— AIM OF THE EXERCISE —
Repeat every entry, word for word, leaving no line out.

── EXERCISE INPUTS ──

lemma card_incident_edges_Un_run:
  assumes "finite S" "1 \<le> a" "a \<le> b" "\<forall>x\<in>S. x < a - 1"
  shows "card (incident_edges (S \<union> {a..b})) = card (incident_edges S) + (b - a + 2)"
proof -
  have "incident_edges S \<inter> {a - 1..b} = {}"
    using assms(4) less_imp_diff_less unfolding incident_edges_def by fastforce
  moreover have "incident_edges (S \<union> {a..b}) = incident_edges S \<union> {a - 1..b}"
    using incident_edges_Un incident_edges_atLeastAtMost[OF assms(2,3)] by simp
  ultimately show ?thesis
    using finite_incident_edges[OF assms(1)] assms(2,3) by (simp add: card_Un_disjoint)
qed

lemma obtain_last_run:
  fixes S :: "nat set"
  assumes "finite S" "S \<noteq> {}" "0 \<notin> S"
  obtains a b where "1 \<le> a" "a \<le> b" "{a..b} \<subseteq> S" "\<forall>x\<in>S - {a..b}. x < a - 1"
proof -
  define b where "b = Max S"
  have b: "b \<in> S" "\<forall>x\<in>S. x \<le> b" using assms b_def by simp_all
  define a where "a = (LEAST a. {a..b} \<subseteq> S)"
  have ab: "{a..b} \<subseteq> S" using LeastI[of "\<lambda>a. {a..b} \<subseteq> S" b] b a_def by simp
  have a_least: "a \<le> a'" if "{a'..b} \<subseteq> S" for a'
    using that a_def by (simp add: Least_le)
  have "a \<le> b" using a_least[of b] b by simp
  then have "a \<in> S" using ab by auto
  then have a1: "1 \<le> a" using assms(3) by (cases a) auto
  have "a - 1 \<notin> S"
  proof
    assume "a - 1 \<in> S"
    have "{a - 1..b} \<subseteq> S"
    proof
      fix x assume "x \<in> {a - 1..b}"
      then show "x \<in> S" using ab \<open>a - 1 \<in> S\<close> by (cases "x = a - 1") auto
    qed
    then show False using a_least[of "a - 1"] a1 by simp
  qed
  have "x < a - 1" if "x \<in> S - {a..b}" for x
  proof -
    have "x < a" using that b(2) by auto
    moreover have "x \<noteq> a - 1" using that \<open>a - 1 \<notin> S\<close> by auto
    ultimately show ?thesis by linarith
  qed
  then show ?thesis using a1 \<open>a \<le> b\<close> ab by (intro that) auto
qed
lemma inj_hom_self_extends_to_aut:
  assumes wf: "wf_graph K" and KV: "verts K = {1..n}" and \<phi>: "inj_hom K K \<phi>"
  shows "(\<lambda>x. if x \<in> {1..n} then \<phi> x else x) \<in> aut_group n K"
    (is "?\<sigma> \<in> _")
proof -
  let ?V = "{1..n}" and ?E = "{(u, v). adj K u v}"
  have inj: "inj_on \<phi> ?V" and hom: "\<And>u v. adj K u v \<Longrightarrow> adj K (\<phi> u) (\<phi> v)"
    using \<phi> KV unfolding inj_hom_def by auto
  have "\<phi> ` ?V = ?V"
    using \<phi> KV by (intro endo_inj_surj) (auto simp: inj_hom_def)
  then have "bij_betw \<phi> ?V ?V"
    using inj by (simp add: bij_betw_def)
  then have "bij_betw ?\<sigma> ?V ?V"
    using bij_betw_cong[of ?V ?\<sigma> \<phi>] by simp
  then have perm: "?\<sigma> permutes ?V"
    by (rule bij_imp_permutes) auto
  have E: "?E \<subseteq> ?V \<times> ?V" using wf KV unfolding wf_graph_def by blast
  then have "finite ?E" by (rule finite_subset) simp
  moreover have "map_prod \<phi> \<phi> ` ?E \<subseteq> ?E" using hom by auto
  moreover have "inj_on (map_prod \<phi> \<phi>) ?E"
    using map_prod_inj_on[OF inj inj] E by (rule inj_on_subset)
  ultimately have edges_onto: "map_prod \<phi> \<phi> ` ?E = ?E"
    by (rule endo_inj_surj)
  have "adj K u v \<longleftrightarrow> adj K (?\<sigma> u) (?\<sigma> v)" for u v
  proof
    assume "adj K u v"
    moreover from this have "u \<in> ?V" "v \<in> ?V" using E by auto
    ultimately show "adj K (?\<sigma> u) (?\<sigma> v)" using hom by simp
  next
    assume adj: "adj K (?\<sigma> u) (?\<sigma> v)"
    then have "?\<sigma> u \<in> ?V" "?\<sigma> v \<in> ?V" using E by auto
    then have uv: "u \<in> ?V" "v \<in> ?V" using permutes_in_image[OF perm] by auto
    with adj have "(\<phi> u, \<phi> v) \<in> map_prod \<phi> \<phi> ` ?E" unfolding edges_onto by simp
    then obtain u' v' where "adj K u' v'" "\<phi> u' = \<phi> u" "\<phi> v' = \<phi> v" by auto
    moreover from \<open>adj K u' v'\<close> have "u' \<in> ?V" "v' \<in> ?V" using E by auto
    ultimately show "adj K u v" using inj uv by (metis inj_onD)
  qed
  moreover have "?\<sigma> ` verts K = verts K" using permutes_image[OF perm] KV by simp
  ultimately show ?thesis using perm unfolding aut_group_def by blast
qed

───

— TASK RESPONSE —
lemma card_incident_edges_Un_run:
  assumes "finite S" "1 \<le> a" "a \<le> b" "\<forall>x\<in>S. x < a - 1"
  shows "card (incident_edges (S \<union> {a..b})) = card (incident_edges S) + (b - a + 2)"
proof -
  have "incident_edges S \<inter> {a - 1..b} = {}"
    using assms(4) less_imp_diff_less unfolding incident_edges_def by fastforce
  moreover have "incident_edges (S \<union> {a..b}) = incident_edges S \<union> {a - 1..b}"
    using incident_edges_Un incident_edges_atLeastAtMost[OF assms(2,3)] by simp
  ultimately show ?thesis
    using finite_incident_edges[OF assms(1)] assms(2,3) by (simp add: card_Un_disjoint)
qed

lemma obtain_last_run:
  fixes S :: "nat set"
  assumes "finite S" "S \<noteq> {}" "0 \<notin> S"
  obtains a b where "1 \<le> a" "a \<le> b" "{a..b} \<subseteq> S" "\<forall>x\<in>S - {a..b}. x < a - 1"
proof -
  define b where "b = Max S"
  have b: "b \<in> S" "\<forall>x\<in>S. x \<le> b" using assms b_def by simp_all
  define a where "a = (LEAST a. {a..b} \<subseteq> S)"
  have ab: "{a..b} \<subseteq> S" using LeastI[of "\<lambda>a. {a..b} \<subseteq> S" b] b a_def by simp
  have a_least: "a \<le> a'" if "{a'..b} \<subseteq> S" for a'
    using that a_def by (simp add: Least_le)
  have "a \<le> b" using a_least[of b] b by simp
  then have "a \<in> S" using ab by auto
  then have a1: "1 \<le> a" using assms(3) by (cases a) auto
  have "a - 1 \<notin> S"
  proof
    assume "a - 1 \<in> S"
    have "{a - 1..b} \<subseteq> S"
    proof
      fix x assume "x \<in> {a - 1..b}"
      then show "x \<in> S" using ab \<open>a - 1 \<in> S\<close> by (cases "x = a - 1") auto
    qed
    then show False using a_least[of "a - 1"] a1 by simp
  qed
  have "x < a - 1" if "x \<in> S - {a..b}" for x
  proof -
    have "x < a" using that b(2) by auto
    moreover have "x \<noteq> a - 1" using that \<open>a - 1 \<notin> S\<close> by auto
    ultimately show ?thesis by linarith
  qed
  then show ?thesis using a1 \<open>a \<le> b\<close> ab by (intro that) auto
qed
lemma inj_hom_self_extends_to_aut:
  assumes wf: "wf_graph K" and KV: "verts K = {1..n}" and \<phi>: "inj_hom K K \<phi>"
  shows "(\<lambda>x. if x \<in> {1..n} then \<phi> x else x) \<in> aut_group n K"
    (is "?\<sigma> \<in> _")
proof -
  let ?V = "{1..n}" and ?E = "{(u, v). adj K u v}"
  have inj: "inj_on \<phi> ?V" and hom: "\<And>u v. adj K u v \<Longrightarrow> adj K (\<phi> u) (\<phi> v)"
    using \<phi> KV unfolding inj_hom_def by auto
  have "\<phi> ` ?V = ?V"
    using \<phi> KV by (intro endo_inj_surj) (auto simp: inj_hom_def)
  then have "bij_betw \<phi> ?V ?V"
    using inj by (simp add: bij_betw_def)
  then have "bij_betw ?\<sigma> ?V ?V"
    using bij_betw_cong[of ?V ?\<sigma> \<phi>] by simp
  then have perm: "?\<sigma> permutes ?V"
    by (rule bij_imp_permutes) auto
  have E: "?E \<subseteq> ?V \<times> ?V" using wf KV unfolding wf_graph_def by blast
  then have "finite ?E" by (rule finite_subset) simp
  moreover have "map_prod \<phi> \<phi> ` ?E \<subseteq> ?E" using hom by auto
  moreover have "inj_on (map_prod \<phi> \<phi>) ?E"
    using map_prod_inj_on[OF inj inj] E by (rule inj_on_subset)
  ultimately have edges_onto: "map_prod \<phi> \<phi> ` ?E = ?E"
    by (rule endo_inj_surj)
  have "adj K u v \<longleftrightarrow> adj K (?\<sigma> u) (?\<sigma> v)" for u v
  proof
    assume "adj K u v"
    moreover from this have "u \<in> ?V" "v \<in> ?V" using E by auto
    ultimately show "adj K (?\<sigma> u) (?\<sigma> v)" using hom by simp
  next
    assume adj: "adj K (?\<sigma> u) (?\<sigma> v)"
    then have "?\<sigma> u \<in> ?V" "?\<sigma> v \<in> ?V" using E by auto
    then have uv: "u \<in> ?V" "v \<in> ?V" using permutes_in_image[OF perm] by auto
    with adj have "(\<phi> u, \<phi> v) \<in> map_prod \<phi> \<phi> ` ?E" unfolding edges_onto by simp
    then obtain u' v' where "adj K u' v'" "\<phi> u' = \<phi> u" "\<phi> v' = \<phi> v" by auto
    moreover from \<open>adj K u' v'\<close> have "u' \<in> ?V" "v' \<in> ?V" using E by auto
    ultimately show "adj K u v" using inj uv by (metis inj_onD)
  qed
  moreover have "?\<sigma> ` verts K = verts K" using permutes_image[OF perm] KV by simp
  ultimately show ?thesis using perm unfolding aut_group_def by blast
qed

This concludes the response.